For each line below that contains the word "cdot", return that line.

__DATA SHOWN__:
◆ ◆ ◆

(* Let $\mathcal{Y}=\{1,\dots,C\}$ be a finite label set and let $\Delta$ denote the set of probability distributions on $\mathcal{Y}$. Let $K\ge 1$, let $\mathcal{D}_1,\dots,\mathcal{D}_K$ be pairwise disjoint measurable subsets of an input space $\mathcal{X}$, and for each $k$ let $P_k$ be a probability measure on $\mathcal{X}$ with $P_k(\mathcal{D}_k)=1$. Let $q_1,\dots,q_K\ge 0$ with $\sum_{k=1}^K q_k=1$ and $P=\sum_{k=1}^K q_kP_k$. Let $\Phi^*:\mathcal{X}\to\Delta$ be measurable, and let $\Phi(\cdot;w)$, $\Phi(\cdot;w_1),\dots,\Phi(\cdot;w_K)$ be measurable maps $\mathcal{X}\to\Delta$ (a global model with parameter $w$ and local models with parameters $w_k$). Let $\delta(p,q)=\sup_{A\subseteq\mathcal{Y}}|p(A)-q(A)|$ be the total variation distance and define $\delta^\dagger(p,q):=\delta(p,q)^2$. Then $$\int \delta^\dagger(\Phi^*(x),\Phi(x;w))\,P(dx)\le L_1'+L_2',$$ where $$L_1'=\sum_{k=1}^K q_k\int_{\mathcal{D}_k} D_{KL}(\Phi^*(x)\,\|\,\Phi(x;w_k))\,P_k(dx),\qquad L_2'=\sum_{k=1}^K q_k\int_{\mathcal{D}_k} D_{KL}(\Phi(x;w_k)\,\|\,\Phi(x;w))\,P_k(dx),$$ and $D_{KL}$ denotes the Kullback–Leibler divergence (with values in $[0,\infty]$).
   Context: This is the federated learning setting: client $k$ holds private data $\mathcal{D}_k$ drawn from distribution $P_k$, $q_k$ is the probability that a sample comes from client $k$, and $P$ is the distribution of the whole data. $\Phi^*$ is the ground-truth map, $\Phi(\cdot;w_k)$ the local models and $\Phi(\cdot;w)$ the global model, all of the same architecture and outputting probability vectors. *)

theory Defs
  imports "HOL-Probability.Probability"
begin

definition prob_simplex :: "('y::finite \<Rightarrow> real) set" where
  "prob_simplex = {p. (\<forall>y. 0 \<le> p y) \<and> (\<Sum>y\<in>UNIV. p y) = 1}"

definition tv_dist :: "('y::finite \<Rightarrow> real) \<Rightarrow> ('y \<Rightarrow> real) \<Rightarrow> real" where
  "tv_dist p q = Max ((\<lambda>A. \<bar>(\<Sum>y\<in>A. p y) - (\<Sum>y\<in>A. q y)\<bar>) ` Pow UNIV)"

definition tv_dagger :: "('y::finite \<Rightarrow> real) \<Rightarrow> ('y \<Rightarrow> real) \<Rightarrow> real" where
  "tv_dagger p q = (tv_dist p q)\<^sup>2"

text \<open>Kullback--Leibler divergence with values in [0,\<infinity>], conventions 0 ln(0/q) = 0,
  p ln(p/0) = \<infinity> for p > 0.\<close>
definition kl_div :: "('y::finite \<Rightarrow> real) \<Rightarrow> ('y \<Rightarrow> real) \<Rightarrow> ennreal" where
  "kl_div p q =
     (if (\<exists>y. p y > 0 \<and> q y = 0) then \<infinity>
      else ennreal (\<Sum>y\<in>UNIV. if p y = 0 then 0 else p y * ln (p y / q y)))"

◆ ◆ ◆

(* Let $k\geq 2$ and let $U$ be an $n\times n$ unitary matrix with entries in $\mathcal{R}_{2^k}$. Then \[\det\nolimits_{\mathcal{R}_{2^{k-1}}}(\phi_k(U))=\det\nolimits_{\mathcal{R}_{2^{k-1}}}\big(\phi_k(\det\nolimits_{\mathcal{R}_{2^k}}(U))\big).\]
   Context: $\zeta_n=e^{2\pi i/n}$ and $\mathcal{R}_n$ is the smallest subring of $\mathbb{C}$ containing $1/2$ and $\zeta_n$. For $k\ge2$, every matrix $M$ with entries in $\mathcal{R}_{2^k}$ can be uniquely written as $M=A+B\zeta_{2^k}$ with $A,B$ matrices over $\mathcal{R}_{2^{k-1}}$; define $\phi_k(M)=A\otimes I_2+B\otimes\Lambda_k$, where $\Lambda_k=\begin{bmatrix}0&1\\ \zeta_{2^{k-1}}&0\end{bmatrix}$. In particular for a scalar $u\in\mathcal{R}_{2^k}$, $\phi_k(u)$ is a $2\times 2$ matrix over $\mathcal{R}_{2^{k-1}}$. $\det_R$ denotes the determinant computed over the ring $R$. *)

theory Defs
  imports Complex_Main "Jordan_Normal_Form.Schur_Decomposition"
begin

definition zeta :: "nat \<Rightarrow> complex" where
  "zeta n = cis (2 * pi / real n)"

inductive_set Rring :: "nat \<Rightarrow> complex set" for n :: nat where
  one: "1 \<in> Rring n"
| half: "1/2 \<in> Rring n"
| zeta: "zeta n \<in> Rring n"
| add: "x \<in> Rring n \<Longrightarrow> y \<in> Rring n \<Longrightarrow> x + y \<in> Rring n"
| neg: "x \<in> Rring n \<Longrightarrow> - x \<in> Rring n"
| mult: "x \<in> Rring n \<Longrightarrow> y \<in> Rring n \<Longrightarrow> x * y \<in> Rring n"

◆ ◆ ◆

__RESPONSE FOR THIS EXERCISE__:
(* Let $\mathcal{Y}=\{1,\dots,C\}$ be a finite label set and let $\Delta$ denote the set of probability distributions on $\mathcal{Y}$. Let $K\ge 1$, let $\mathcal{D}_1,\dots,\mathcal{D}_K$ be pairwise disjoint measurable subsets of an input space $\mathcal{X}$, and for each $k$ let $P_k$ be a probability measure on $\mathcal{X}$ with $P_k(\mathcal{D}_k)=1$. Let $q_1,\dots,q_K\ge 0$ with $\sum_{k=1}^K q_k=1$ and $P=\sum_{k=1}^K q_kP_k$. Let $\Phi^*:\mathcal{X}\to\Delta$ be measurable, and let $\Phi(\cdot;w)$, $\Phi(\cdot;w_1),\dots,\Phi(\cdot;w_K)$ be measurable maps $\mathcal{X}\to\Delta$ (a global model with parameter $w$ and local models with parameters $w_k$). Let $\delta(p,q)=\sup_{A\subseteq\mathcal{Y}}|p(A)-q(A)|$ be the total variation distance and define $\delta^\dagger(p,q):=\delta(p,q)^2$. Then $$\int \delta^\dagger(\Phi^*(x),\Phi(x;w))\,P(dx)\le L_1'+L_2',$$ where $$L_1'=\sum_{k=1}^K q_k\int_{\mathcal{D}_k} D_{KL}(\Phi^*(x)\,\|\,\Phi(x;w_k))\,P_k(dx),\qquad L_2'=\sum_{k=1}^K q_k\int_{\mathcal{D}_k} D_{KL}(\Phi(x;w_k)\,\|\,\Phi(x;w))\,P_k(dx),$$ and $D_{KL}$ denotes the Kullback–Leibler divergence (with values in $[0,\infty]$).
   Context: This is the federated learning setting: client $k$ holds private data $\mathcal{D}_k$ drawn from distribution $P_k$, $q_k$ is the probability that a sample comes from client $k$, and $P$ is the distribution of the whole data. $\Phi^*$ is the ground-truth map, $\Phi(\cdot;w_k)$ the local models and $\Phi(\cdot;w)$ the global model, all of the same architecture and outputting probability vectors. *)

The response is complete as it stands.